[leetcode] 360. Sort Transformed Array 解题报告

题目链接: https://leetcode.com/problems/sort-transformed-array/

Given a sorted array of integers nums and integer values a, b and c. Apply a function of the form f(x) = ax2 + bx + c to
each element x in the array.

The returned array must be in sorted order.

Expected time complexity: O(n)

Example:

nums = [-4, -2, 2, 4], a = 1, b = 3, c = 5,

Result: [3, 9, 15, 33]

nums = [-4, -2, 2, 4], a = -1, b = 3, c = 5

Result: [-23, -5, 1, 7]

思路: 当a>0时,抛物线开口向上,这样给定的数组最大值肯定是在两端, 也就是要么在数组开始,要么在数组的最后, 这样我们可以依次取得最大值.最后的时候翻转一下数组即可.

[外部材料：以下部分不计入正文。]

(* For every base $\mathcal{B}$, atomic multisets $L,K$ and ILL formulae $\varphi,\psi$: if $\Vdash^L_{\mathcal{B}}!\varphi$ and $!\varphi\Vdash^K_{\mathcal{B}}\psi$, then $\Vdash^{L,K}_{\mathcal{B}}\psi$.
   Context: Fix a set $\mathbb{A}$ of propositional atoms. ILL formulae: $\phi ::= p\in\mathbb{A} \mid \top \mid 0 \mid 1 \mid \phi\multimap\phi \mid \phi\otimes\phi \mid \phi\,\&\,\phi \mid \phi\oplus\phi \mid\ !\phi$. All multisets are finite; "$\Gamma,\Delta$" denotes multiset union. Atomic rules and bases: an atomic sequent is $P\Rightarrow p$ with $P$ a multiset of atoms, $p$ an atom. An atomic box is a multiset of atomic sequents. An atomic rule is a triple $\langle\mathbf{A},\mathbf{S},p\rangle$ with $\mathbf{A}$ a multiset of atomic boxes, $\mathbf{S}$ an atomic box, $p$ an atom. A base is a set of atomic rules. An atom $p$ is persistent in $\mathcal{B}$ if some $\langle\varnothing,\mathbf{S},p\rangle\in\mathcal{B}$ has $\mathbf{S}\neq\varnothing$. Derivability $\vdash_{\mathcal{B}}$: (Ref) $p\vdash_{\mathcal{B}}p$; (App) if $\langle\mathbf{A},\mathbf{S},p\rangle\in\mathcal{B}$ with $\mathbf{A}=\{\mathbf{T}_1,\dots,\mathbf{T}_m\}$, and there are atomic multisets $C_1,\dots,C_n$ ($n\ge m$) and a multiset $D=\{d_{m+1},\dots,d_n\}$ of atoms persistent in $\mathcal{B}$ such that $C_i,Q\vdash_{\mathcal{B}}q$ for every $i\le m$ and every $Q\Rightarrow q\in\mathbf{T}_i$, $C_j\vdash_{\mathcal{B}}d_j$ for every $m<j\le n$, and $D,U\vdash_{\mathcal{B}}v$ for every $U\Rightarrow v\in\mathbf{S}$, then $C_1,\dots,C_n\vdash_{\mathcal{B}}p$. Support $\Vdash^L_{\mathcal{B}}$ (base $\mathcal{B}$, atomic multiset $L$), by induction on formulae: $\Vdash^L_{\mathcal{B}}p$ iff $L\vdash_{\mathcal{B}}p$; $\Vdash^L_{\mathcal{B}}\varphi\multimap\psi$ iff $\varphi\Vdash^L_{\mathcal{B}}\psi$; $\Vdash^L_{\mathcal{B}}\varphi\otimes\psi$ iff for all $\mathcal{C}\supseteq\mathcal{B}$, atomic $K$, atoms $p$: if $\varphi,\psi\Vdash^K_{\mathcal{C}}p$ then $\Vdash^{L,K}_{\mathcal{C}}p$; $\Vdash^L_{\mathcal{B}}1$ iff for all $\mathcal{C}\supseteq\mathcal{B}$, $K$, $p$: if $\Vdash^K_{\mathcal{C}}p$ then $\Vdash^{L,K}_{\mathcal{C}}p$; $\Vdash^L_{\mathcal{B}}\varphi\&\psi$ iff $\Vdash^L_{\mathcal{B}}\varphi$ and $\Vdash^L_{\mathcal{B}}\psi$; $\Vdash^L_{\mathcal{B}}\varphi\oplus\psi$ iff for all $\mathcal{C}\supseteq\mathcal{B}$, $K$, $p$: if $\varphi\Vdash^K_{\mathcal{C}}p$ and $\psi\Vdash^K_{\mathcal{C}}p$ then $\Vdash^{L,K}_{\mathcal{C}}p$; $\Vdash^L_{\mathcal{B}}0$ iff $\Vdash^{L,K}_{\mathcal{B}}p$ for all atoms $p$ and atomic $K$; $\Vdash^L_{\mathcal{B}}\top$ always; $\Vdash^L_{\mathcal{B}}!\varphi$ iff for all $\mathcal{C}\supseteq\mathcal{B}$, $K$, $p$: if (for all $\mathcal{D}\supseteq\mathcal{C}$, $\Vdash^{\varnothing}_{\mathcal{D}}\varphi$ implies $\Vdash^K_{\mathcal{D}}p$) then $\Vdash^{L,K}_{\mathcal{C}}p$. For nonempty multisets: $\Vdash^L_{\mathcal{B}}\Gamma,\Delta$ iff $L=K,M$ with $\Vdash^K_{\mathcal{B}}\Gamma$ and $\Vdash^M_{\mathcal{B}}\Delta$. For a nonempty antecedent written $!\Delta,\Theta$, where $!\Delta$ collects the formulae with top-level connective $!$ (with $\Delta$ the formulae under those $!$) and $\Theta$ contains none: $!\Delta,\Theta\Vdash^L_{\mathcal{B}}\varphi$ iff for all $\mathcal{C}\supseteq\mathcal{B}$ and atomic $K$, if $\Vdash^{\varnothing}_{\mathcal{C}}\delta$ for every $\delta\in\Delta$ and $\Vdash^K_{\mathcal{C}}\Theta$ then $\Vdash^{L,K}_{\mathcal{C}}\varphi$ (when $\Theta$ is empty, $K$ is empty). An empty antecedent: $\varnothing\Vdash^L_{\mathcal{B}}\varphi$ means $\Vdash^L_{\mathcal{B}}\varphi$. *)

theory Defs
  imports "HOL-Library.Multiset"
begin

datatype 'a ill =
    Atom 'a
  | Top
  | Zero
  | One
  | Lolli "'a ill" "'a ill"
  | Tensor "'a ill" "'a ill"
  | With "'a ill" "'a ill"
  | Plus "'a ill" "'a ill"
  | Bang "'a ill"

type_synonym 'a atomic_sequent = "'a multiset \<times> 'a"
type_synonym 'a atomic_box = "'a atomic_sequent multiset"
type_synonym 'a atomic_rule = "'a atomic_box multiset \<times> 'a atomic_box \<times> 'a"
type_synonym 'a base = "'a atomic_rule set"

definition persistent :: "'a base \<Rightarrow> 'a \<Rightarrow> bool" where
  "persistent B p \<longleftrightarrow> (\<exists>S. ({#}, S, p) \<in> B \<and> S \<noteq> {#})"

text \<open>In (App) the boxes of the multiset A are enumerated as the list Ts
  (T_1..T_m), the contexts C_1..C_n as the list Cs (n = length Cs >= m), and the
  persistent atoms d_(m+1)..d_n as the list ds.\<close>
inductive deriv :: "'a base \<Rightarrow> 'a multiset \<Rightarrow> 'a \<Rightarrow> bool" for B where
  Ref: "deriv B {#p#} p"
| App: "\<lbrakk> (A, S, p) \<in> B; mset Ts = A; length Ts \<le> length Cs;
          length ds = length Cs - length Ts;
          \<forall>d\<in>set ds. persistent B d;
          \<forall>i<length Ts. \<forall>Q q. (Q, q) \<in># Ts ! i \<longrightarrow> deriv B (Cs ! i + Q) q;
          \<forall>j. length Ts \<le> j \<and> j < length Cs \<longrightarrow> deriv B (Cs ! j) (ds ! (j - length Ts));
          \<forall>U v. (U, v) \<in># S \<longrightarrow> deriv B (mset ds + U) v \<rbrakk>
        \<Longrightarrow> deriv B (sum_list Cs) p"

fun is_bang :: "'a ill \<Rightarrow> bool" where
  "is_bang (Bang _) = True"
| "is_bang _ = False"

fun unbang :: "'a ill \<Rightarrow> 'a ill" where
  "unbang (Bang d) = d"
| "unbang f = f"

lemma size_unbang[simp]: "size (unbang f) \<le> size f"
  by (cases f) auto

text \<open>Antecedents with one or two formulae are
  unfolded following the definition: formulae with top-level ! contribute
  \<Vdash>^\<emptyset> of their body, the others share the context K (split as a multiset union).\<close>
function supp :: "'a base \<Rightarrow> 'a multiset \<Rightarrow> 'a ill \<Rightarrow> bool" where
  "supp B L (Atom p) = deriv B L p"
| "supp B L Top = True"
| "supp B L Zero = (\<forall>p K. deriv B (L + K) p)"
| "supp B L One = (\<forall>C K p. B \<subseteq> C \<longrightarrow> deriv C K p \<longrightarrow> deriv C (L + K) p)"
| "supp B L (Lolli \<phi> \<psi>) =
     (if is_bang \<phi>
      then (\<forall>C. B \<subseteq> C \<longrightarrow> supp C {#} (unbang \<phi>) \<longrightarrow> supp C L \<psi>)
      else (\<forall>C K. B \<subseteq> C \<longrightarrow> supp C K \<phi> \<longrightarrow> supp C (L + K) \<psi>))"
| "supp B L (Tensor \<phi> \<psi>) =
     (\<forall>C K p. B \<subseteq> C \<longrightarrow>
        (\<forall>D M. C \<subseteq> D \<longrightarrow>
           (is_bang \<phi> \<longrightarrow> supp D {#} (unbang \<phi>)) \<longrightarrow>
           (is_bang \<psi> \<longrightarrow> supp D {#} (unbang \<psi>)) \<longrightarrow>
           (\<exists>M1 M2. M = M1 + M2 \<and>
              (if is_bang \<phi> then M1 = {#} else supp D M1 \<phi>) \<and>
              (if is_bang \<psi> then M2 = {#} else supp D M2 \<psi>)) \<longrightarrow>
           deriv D (K + M) p)
        \<longrightarrow> deriv C (L + K) p)"
| "supp B L (With \<phi> \<psi>) = (supp B L \<phi> \<and> supp B L \<psi>)"
| "supp B L (Plus \<phi> \<psi>) =
     (\<forall>C K p. B \<subseteq> C \<longrightarrow>
        (\<forall>D M. C \<subseteq> D \<longrightarrow>
           (if is_bang \<phi> then M = {#} \<and> supp D {#} (unbang \<phi>) else supp D M \<phi>) \<longrightarrow>
           deriv D (K + M) p) \<longrightarrow>
        (\<forall>D M. C \<subseteq> D \<longrightarrow>
           (if is_bang \<psi> then M = {#} \<and> supp D {#} (unbang \<psi>) else supp D M \<psi>) \<longrightarrow>
           deriv D (K + M) p) \<longrightarrow>
        deriv C (L + K) p)"
| "supp B L (Bang \<phi>) =
     (\<forall>C K p. B \<subseteq> C \<longrightarrow>
        (\<forall>D. C \<subseteq> D \<longrightarrow> supp D {#} \<phi> \<longrightarrow> deriv D K p) \<longrightarrow>
        deriv C (L + K) p)"
  by pat_completeness auto
termination
  by (relation "measure (\<lambda>(B, L, f). size f)")
     (auto simp: le_imp_less_Suc less_Suc_eq_le trans_le_add1 trans_le_add2)

definition supp_seq :: "'a base \<Rightarrow> 'a multiset \<Rightarrow> 'a ill \<Rightarrow> 'a ill \<Rightarrow> bool" where
  "supp_seq B K \<chi> \<psi> =
     (if is_bang \<chi>
      then (\<forall>C. B \<subseteq> C \<longrightarrow> supp C {#} (unbang \<chi>) \<longrightarrow> supp C K \<psi>)
      else (\<forall>C M. B \<subseteq> C \<longrightarrow> supp C M \<chi> \<longrightarrow> supp C (K + M) \<psi>))"

end

theory Submission
  imports Defs
begin

text \<open>Support is monotone under base extension, and \<open>\<Vdash>\<^sup>L\<^sub>B !\<phi>\<close> is
  itself an elimination clause: it yields \<open>L, K' \<turnstile>\<^sub>C p\<close> as soon as \<open>K' \<turnstile>\<^sub>D p\<close> holds in every
  \<open>D \<supseteq> C\<close> supporting \<open>\<phi>\<close>. For atoms and \<open>0\<close> this is the cut directly; for the
  elimination-style clauses of \<open>1, \<otimes>, \<oplus>, !\<close> it is applied inside the clause, instantiating the hypothesis
  \<open>!\<phi> \<Vdash>\<^sup>K \<psi>\<close> at \<open>D\<close> itself; \<open>\<multimap>\<close> and \<open>&\<close> follow from the induction hypothesis.\<close>

lemma persistent_mono: "persistent B p \<Longrightarrow> B \<subseteq> C \<Longrightarrow> persistent C p"
  unfolding persistent_def by blast

lemma deriv_mono: "deriv B L p \<Longrightarrow> B \<subseteq> C \<Longrightarrow> deriv C L p"
proof (induction rule: deriv.induct)
  case (Ref p)
  show ?case by (rule deriv.Ref)
next
  case (App A S p Ts Cs ds)
  then show ?case by (intro deriv.App[of A S p C Ts Cs ds]) (auto intro: persistent_mono)
qed

lemma supp_mono: "supp B L f \<Longrightarrow> B \<subseteq> C \<Longrightarrow> supp C L f"
proof (induction f arbitrary: L)
  case Lolli
  then show ?case by (auto dest: order_trans)
qed (auto intro: deriv_mono dest: order_trans)

lemma deriv_bang_cut:
  assumes "supp B L (Bang \<phi>)"
    and "\<And>C. B \<subseteq> C \<Longrightarrow> supp C {#} \<phi> \<Longrightarrow> deriv C K p"
  shows "deriv B (L + K) p"
  using assms by auto

lemma deriv_bang_cut_continuation:
  assumes bang: "supp B L (Bang \<phi>)"
    and cut: "\<forall>C. B \<subseteq> C \<longrightarrow> supp C {#} \<phi> \<longrightarrow>
                (\<forall>D K' p. C \<subseteq> D \<longrightarrow> H D K' p \<longrightarrow> deriv D (K + K') p)"
    and H_mono: "\<forall>C D K' p. C \<subseteq> D \<longrightarrow> H C K' p \<longrightarrow> H D K' p"
  shows "\<forall>C K' p. B \<subseteq> C \<longrightarrow> H C K' p \<longrightarrow> deriv C (L + K + K') p"
proof (intro allI impI)
  fix C K' p
  assume "B \<subseteq> C" and "H C K' p"
  have "deriv C (L + (K + K')) p"
  proof (rule deriv_bang_cut)
    show "supp C L (Bang \<phi>)" using bang \<open>B \<subseteq> C\<close> by (rule supp_mono)
    fix D
    assume "C \<subseteq> D" and "supp D {#} \<phi>"
    moreover have "H D K' p" using H_mono \<open>C \<subseteq> D\<close> \<open>H C K' p\<close> by blast
    ultimately show "deriv D (K + K') p" using cut \<open>B \<subseteq> C\<close> by (meson order_trans order_refl)
  qed
  then show "deriv C (L + K + K') p" by (simp add: add.assoc)
qed

lemma supp_bang_cut:
  "supp B L (Bang \<phi>) \<Longrightarrow> \<forall>C. B \<subseteq> C \<longrightarrow> supp C {#} \<phi> \<longrightarrow> supp C K \<psi>
   \<Longrightarrow> supp B (L + K) \<psi>"
proof (induction \<psi> arbitrary: B L K)
  case (Atom p)
  then show ?case by (auto intro: deriv_bang_cut)
next
  case Top
  show ?case by simp
next
  case Zero
  then show ?case by (auto simp: add.assoc intro: deriv_bang_cut)
next
  case One
  then show ?case
    unfolding supp.simps by (intro deriv_bang_cut_continuation) (auto intro: deriv_mono)
next
  case (Lolli \<chi> \<psi>)
  have lolli_ext: "supp D K (Lolli \<chi> \<psi>)" if "B \<subseteq> C" "C \<subseteq> D" "supp D {#} \<phi>" for C D
    using Lolli.prems(2) that by (meson order_trans)
  show ?case
  proof (cases "is_bang \<chi>")
    case True
    show ?thesis
    proof (simp only: supp.simps True if_True, intro allI impI)
      fix C
      assume "B \<subseteq> C" and \<chi>: "supp C {#} (unbang \<chi>)"
      show "supp C (L + K) \<psi>"
      proof (rule Lolli.IH(2))
        show "supp C L (Bang \<phi>)" using Lolli.prems(1) \<open>B \<subseteq> C\<close> by (rule supp_mono)
        show "\<forall>D. C \<subseteq> D \<longrightarrow> supp D {#} \<phi> \<longrightarrow> supp D K \<psi>"
          using lolli_ext[OF \<open>B \<subseteq> C\<close>] True supp_mono[OF \<chi>] by simp
      qed
    qed
  next
    case False
    show ?thesis
    proof (simp only: supp.simps False if_False, intro allI impI)
      fix C K'
      assume "B \<subseteq> C" and \<chi>: "supp C K' \<chi>"
      have "supp C (L + (K + K')) \<psi>"
      proof (rule Lolli.IH(2))
        show "supp C L (Bang \<phi>)" using Lolli.prems(1) \<open>B \<subseteq> C\<close> by (rule supp_mono)
        show "\<forall>D. C \<subseteq> D \<longrightarrow> supp D {#} \<phi> \<longrightarrow> supp D (K + K') \<psi>"
          using lolli_ext[OF \<open>B \<subseteq> C\<close>] False supp_mono[OF \<chi>] by simp
      qed
      then show "supp C (L + K + K') \<psi>" by (simp add: add.assoc)
    qed
  qed
next
  case (Tensor \<psi>1 \<psi>2)
  then show ?case
    unfolding supp.simps by (intro deriv_bang_cut_continuation) (auto dest: order_trans)
next
  case (With \<psi>1 \<psi>2)
  then show ?case by auto
next
  case (Plus \<psi>1 \<psi>2)
  then show ?case
    \<comment> \<open>the two continuation premises of the \<open>\<oplus>\<close> clause are merged into one \<open>H\<close>\<close>
    unfolding supp.simps imp_conjL[symmetric]
    by (intro deriv_bang_cut_continuation[unfolded imp_conjL[symmetric]]) (auto dest: order_trans)
next
  case (Bang \<psi>)
  then show ?case
    unfolding supp.simps by (intro deriv_bang_cut_continuation) (auto dest: order_trans)
qed

theorem lemma10:
  fixes B :: "'a base" and L K :: "'a multiset" and \<phi> \<psi> :: "'a ill"
  assumes "supp B L (Bang \<phi>)"
    and "supp_seq B K (Bang \<phi>) \<psi>"
  shows "supp B (L + K) \<psi>"
  using assms by (auto simp: supp_seq_def intro: supp_bang_cut)

end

当a<0时, 抛物线开口向下,这样最小值肯定也是在两端, 我们可以依次在两端取最小值.

代码如下:

class Solution {
public:
vector<int> sortTransformedArray(vector<int>& nums, int a, int b, int c) {
if(nums.size() ==0) return {};
vector<int> result;
int left = 0, right = nums.size()-1;
auto func = [=](int x) { return a*x*x + b*x + c; };
while(left <= right)
{
int val1 = func(nums[left]), val2 = func(nums[right]);
if(a > 0) result.push_back(val1>=val2?val1:val2);
if(a > 0) val1>val2?left++:right--;
if(a <= 0) result.push_back(val1>=val2?val2:val1);
if(a <= 0) val1>val2?right--:left++;
}
if(a > 0) reverse(result.begin(), result.end());
return result;
}
};